:: Dataset records

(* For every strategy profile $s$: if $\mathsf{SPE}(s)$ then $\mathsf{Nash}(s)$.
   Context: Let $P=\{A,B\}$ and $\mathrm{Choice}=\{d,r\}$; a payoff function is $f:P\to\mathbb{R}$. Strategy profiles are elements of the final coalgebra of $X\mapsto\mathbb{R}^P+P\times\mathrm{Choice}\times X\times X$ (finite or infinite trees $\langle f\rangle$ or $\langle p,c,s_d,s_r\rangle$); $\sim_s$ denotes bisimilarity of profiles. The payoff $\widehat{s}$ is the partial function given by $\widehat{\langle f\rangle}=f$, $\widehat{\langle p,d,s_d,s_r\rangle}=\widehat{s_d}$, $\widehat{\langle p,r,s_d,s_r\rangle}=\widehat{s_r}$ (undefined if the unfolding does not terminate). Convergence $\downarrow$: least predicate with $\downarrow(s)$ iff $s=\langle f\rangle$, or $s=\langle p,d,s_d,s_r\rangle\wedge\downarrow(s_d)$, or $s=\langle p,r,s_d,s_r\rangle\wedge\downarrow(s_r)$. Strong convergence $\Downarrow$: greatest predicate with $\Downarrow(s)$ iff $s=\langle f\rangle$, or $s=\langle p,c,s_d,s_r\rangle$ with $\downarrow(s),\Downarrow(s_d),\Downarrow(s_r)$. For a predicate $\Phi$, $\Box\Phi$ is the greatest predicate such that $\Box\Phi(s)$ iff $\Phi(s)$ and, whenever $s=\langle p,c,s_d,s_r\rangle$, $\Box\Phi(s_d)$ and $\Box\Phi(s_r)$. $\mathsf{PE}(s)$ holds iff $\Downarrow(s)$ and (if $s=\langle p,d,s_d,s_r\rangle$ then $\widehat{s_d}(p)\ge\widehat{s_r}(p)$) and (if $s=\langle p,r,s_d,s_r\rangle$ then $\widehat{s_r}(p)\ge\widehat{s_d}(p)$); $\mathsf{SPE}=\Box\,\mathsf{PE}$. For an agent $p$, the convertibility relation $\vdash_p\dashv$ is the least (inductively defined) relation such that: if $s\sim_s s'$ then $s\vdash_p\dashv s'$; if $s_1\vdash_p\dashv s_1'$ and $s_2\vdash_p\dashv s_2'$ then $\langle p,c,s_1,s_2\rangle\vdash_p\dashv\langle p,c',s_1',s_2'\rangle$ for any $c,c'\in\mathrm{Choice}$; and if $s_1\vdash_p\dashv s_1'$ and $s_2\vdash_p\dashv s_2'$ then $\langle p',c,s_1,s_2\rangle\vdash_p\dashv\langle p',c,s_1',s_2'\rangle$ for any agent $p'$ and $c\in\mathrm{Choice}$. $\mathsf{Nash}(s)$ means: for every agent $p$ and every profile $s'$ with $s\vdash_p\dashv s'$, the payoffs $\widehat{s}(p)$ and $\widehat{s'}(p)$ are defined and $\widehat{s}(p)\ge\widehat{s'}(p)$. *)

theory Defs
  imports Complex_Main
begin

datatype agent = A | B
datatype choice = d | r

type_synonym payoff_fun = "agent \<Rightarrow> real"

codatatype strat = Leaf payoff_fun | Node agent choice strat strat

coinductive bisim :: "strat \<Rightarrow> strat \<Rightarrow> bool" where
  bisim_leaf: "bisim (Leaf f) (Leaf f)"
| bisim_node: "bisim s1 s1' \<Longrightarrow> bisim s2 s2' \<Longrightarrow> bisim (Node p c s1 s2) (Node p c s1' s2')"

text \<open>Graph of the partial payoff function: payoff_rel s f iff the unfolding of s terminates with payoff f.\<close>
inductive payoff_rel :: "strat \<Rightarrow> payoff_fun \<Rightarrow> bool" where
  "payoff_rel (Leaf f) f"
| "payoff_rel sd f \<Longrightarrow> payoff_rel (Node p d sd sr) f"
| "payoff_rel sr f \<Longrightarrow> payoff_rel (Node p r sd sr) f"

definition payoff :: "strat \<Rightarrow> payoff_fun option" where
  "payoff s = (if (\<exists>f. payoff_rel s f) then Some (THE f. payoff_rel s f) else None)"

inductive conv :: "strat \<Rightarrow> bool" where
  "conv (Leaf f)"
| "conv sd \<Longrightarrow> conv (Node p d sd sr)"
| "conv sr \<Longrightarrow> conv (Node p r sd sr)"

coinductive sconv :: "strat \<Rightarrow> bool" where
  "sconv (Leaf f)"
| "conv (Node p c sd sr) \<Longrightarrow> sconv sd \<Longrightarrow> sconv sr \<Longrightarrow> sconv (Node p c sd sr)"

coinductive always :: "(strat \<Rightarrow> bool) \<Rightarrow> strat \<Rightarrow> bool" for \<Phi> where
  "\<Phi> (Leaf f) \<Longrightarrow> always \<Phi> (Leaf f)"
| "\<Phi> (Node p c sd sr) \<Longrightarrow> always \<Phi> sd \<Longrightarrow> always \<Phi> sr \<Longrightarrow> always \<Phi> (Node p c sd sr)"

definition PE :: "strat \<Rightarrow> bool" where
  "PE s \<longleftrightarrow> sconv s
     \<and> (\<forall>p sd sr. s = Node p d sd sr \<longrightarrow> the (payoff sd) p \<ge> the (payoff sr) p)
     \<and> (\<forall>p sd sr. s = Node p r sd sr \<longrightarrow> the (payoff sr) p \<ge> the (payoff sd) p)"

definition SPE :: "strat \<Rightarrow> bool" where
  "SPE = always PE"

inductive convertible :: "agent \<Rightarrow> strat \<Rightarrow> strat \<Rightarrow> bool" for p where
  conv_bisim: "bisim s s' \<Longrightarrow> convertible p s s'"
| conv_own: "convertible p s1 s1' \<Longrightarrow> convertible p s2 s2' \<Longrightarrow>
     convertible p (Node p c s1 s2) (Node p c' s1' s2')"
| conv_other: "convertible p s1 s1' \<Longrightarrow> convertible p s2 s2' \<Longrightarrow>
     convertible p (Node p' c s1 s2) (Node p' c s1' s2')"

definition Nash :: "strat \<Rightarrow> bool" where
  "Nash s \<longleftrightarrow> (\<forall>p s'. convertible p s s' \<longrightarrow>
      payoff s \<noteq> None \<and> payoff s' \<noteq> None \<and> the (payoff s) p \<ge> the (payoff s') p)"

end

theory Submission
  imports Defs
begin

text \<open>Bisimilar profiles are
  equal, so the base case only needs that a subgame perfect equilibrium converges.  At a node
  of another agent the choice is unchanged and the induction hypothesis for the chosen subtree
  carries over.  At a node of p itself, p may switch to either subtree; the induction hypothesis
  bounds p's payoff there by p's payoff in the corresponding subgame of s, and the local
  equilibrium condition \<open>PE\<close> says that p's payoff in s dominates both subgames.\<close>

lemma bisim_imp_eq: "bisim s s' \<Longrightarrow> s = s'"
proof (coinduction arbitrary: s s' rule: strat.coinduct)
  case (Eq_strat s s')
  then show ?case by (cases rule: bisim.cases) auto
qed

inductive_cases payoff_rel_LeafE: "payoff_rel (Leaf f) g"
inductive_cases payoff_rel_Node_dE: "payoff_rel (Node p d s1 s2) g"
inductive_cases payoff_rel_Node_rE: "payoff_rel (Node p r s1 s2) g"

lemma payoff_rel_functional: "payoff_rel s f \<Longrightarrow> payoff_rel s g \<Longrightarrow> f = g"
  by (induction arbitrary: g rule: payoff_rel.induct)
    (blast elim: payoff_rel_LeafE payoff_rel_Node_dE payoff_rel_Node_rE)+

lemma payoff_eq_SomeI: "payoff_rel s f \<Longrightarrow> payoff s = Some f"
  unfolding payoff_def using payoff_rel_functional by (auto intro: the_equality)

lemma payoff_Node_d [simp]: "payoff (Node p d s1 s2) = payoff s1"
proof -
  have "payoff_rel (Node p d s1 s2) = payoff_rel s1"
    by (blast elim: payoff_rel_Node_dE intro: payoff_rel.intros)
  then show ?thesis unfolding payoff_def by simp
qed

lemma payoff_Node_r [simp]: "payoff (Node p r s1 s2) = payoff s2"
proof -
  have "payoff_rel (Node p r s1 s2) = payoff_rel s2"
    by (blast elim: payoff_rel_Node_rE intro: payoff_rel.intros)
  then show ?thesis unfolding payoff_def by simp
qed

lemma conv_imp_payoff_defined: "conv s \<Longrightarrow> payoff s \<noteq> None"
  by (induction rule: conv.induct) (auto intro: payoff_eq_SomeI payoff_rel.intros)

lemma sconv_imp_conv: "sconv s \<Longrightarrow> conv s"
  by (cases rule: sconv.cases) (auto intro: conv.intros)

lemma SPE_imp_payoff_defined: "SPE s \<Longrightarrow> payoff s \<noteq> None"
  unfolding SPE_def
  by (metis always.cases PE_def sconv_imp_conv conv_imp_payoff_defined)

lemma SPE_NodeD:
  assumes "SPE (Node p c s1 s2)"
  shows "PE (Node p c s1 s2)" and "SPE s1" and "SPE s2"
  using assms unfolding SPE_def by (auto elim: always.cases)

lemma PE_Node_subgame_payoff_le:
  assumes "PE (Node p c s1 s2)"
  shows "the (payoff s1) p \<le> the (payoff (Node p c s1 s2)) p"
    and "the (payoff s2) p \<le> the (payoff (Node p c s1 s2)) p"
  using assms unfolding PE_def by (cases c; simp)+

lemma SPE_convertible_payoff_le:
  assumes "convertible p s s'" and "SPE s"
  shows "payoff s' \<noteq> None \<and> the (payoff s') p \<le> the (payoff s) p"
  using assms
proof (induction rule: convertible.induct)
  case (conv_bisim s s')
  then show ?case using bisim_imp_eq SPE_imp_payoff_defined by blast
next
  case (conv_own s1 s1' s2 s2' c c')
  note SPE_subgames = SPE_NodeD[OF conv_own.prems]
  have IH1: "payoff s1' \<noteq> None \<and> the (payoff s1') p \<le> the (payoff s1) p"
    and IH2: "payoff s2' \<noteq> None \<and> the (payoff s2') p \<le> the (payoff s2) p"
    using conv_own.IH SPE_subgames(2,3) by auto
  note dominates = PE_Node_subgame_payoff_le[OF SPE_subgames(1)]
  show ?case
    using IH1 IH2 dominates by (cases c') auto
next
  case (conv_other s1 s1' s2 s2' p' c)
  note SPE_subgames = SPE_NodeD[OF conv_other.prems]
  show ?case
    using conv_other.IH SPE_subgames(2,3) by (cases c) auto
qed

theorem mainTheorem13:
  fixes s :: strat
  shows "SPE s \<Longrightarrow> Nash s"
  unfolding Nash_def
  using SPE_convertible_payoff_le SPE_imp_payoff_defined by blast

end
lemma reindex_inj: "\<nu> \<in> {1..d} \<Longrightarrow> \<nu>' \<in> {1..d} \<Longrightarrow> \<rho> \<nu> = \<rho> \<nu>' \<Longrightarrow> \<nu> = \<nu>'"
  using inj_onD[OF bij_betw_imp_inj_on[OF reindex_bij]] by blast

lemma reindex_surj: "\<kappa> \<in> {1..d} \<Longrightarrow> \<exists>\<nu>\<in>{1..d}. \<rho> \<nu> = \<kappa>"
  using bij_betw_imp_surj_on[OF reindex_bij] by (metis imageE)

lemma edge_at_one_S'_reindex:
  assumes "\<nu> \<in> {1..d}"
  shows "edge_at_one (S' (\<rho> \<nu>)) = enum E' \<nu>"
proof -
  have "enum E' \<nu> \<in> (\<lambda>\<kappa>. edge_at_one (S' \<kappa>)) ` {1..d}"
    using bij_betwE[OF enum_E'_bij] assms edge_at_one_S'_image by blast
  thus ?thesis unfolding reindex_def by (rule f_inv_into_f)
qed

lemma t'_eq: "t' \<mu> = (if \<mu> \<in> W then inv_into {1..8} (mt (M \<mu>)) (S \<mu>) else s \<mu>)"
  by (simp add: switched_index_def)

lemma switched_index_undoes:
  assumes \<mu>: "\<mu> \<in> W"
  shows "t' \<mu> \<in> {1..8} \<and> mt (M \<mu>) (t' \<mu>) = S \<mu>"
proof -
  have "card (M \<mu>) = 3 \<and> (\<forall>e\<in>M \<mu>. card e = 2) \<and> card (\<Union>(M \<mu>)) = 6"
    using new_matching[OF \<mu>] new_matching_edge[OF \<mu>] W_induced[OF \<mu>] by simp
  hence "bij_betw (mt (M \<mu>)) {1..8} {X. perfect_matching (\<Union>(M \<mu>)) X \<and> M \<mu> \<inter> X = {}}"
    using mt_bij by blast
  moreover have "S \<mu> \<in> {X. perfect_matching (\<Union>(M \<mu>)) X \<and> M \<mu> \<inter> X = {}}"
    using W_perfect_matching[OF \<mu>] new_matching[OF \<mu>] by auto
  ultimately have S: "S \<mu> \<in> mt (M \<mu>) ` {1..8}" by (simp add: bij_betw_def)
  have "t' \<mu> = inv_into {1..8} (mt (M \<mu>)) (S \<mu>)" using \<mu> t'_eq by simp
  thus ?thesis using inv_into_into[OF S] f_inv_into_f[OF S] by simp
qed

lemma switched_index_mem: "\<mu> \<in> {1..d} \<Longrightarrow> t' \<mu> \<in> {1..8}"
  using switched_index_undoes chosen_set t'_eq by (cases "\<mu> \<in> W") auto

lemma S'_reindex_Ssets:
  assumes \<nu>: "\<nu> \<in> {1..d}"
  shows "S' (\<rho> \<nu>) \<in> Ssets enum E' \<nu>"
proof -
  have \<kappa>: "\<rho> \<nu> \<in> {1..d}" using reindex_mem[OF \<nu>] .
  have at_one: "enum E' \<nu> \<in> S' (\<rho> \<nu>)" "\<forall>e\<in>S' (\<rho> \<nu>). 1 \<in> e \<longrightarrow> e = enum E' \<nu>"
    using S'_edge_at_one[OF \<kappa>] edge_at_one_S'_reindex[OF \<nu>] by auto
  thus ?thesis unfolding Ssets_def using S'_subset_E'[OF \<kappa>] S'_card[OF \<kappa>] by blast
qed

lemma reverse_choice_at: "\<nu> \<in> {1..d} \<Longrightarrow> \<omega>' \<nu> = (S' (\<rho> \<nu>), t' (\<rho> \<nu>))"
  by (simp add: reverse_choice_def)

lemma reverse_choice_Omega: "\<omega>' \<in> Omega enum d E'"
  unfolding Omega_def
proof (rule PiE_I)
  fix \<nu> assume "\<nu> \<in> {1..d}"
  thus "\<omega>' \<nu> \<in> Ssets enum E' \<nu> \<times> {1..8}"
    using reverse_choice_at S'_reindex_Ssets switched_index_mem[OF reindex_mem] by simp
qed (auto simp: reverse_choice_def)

::::

Among the lines above, return each one holding the string "dominates".

  equilibrium condition \<open>PE\<close> says that p's payoff in s dominates both subgames.\<close>
  note dominates = PE_Node_subgame_payoff_le[OF SPE_subgames(1)]
    using IH1 IH2 dominates by (cases c') auto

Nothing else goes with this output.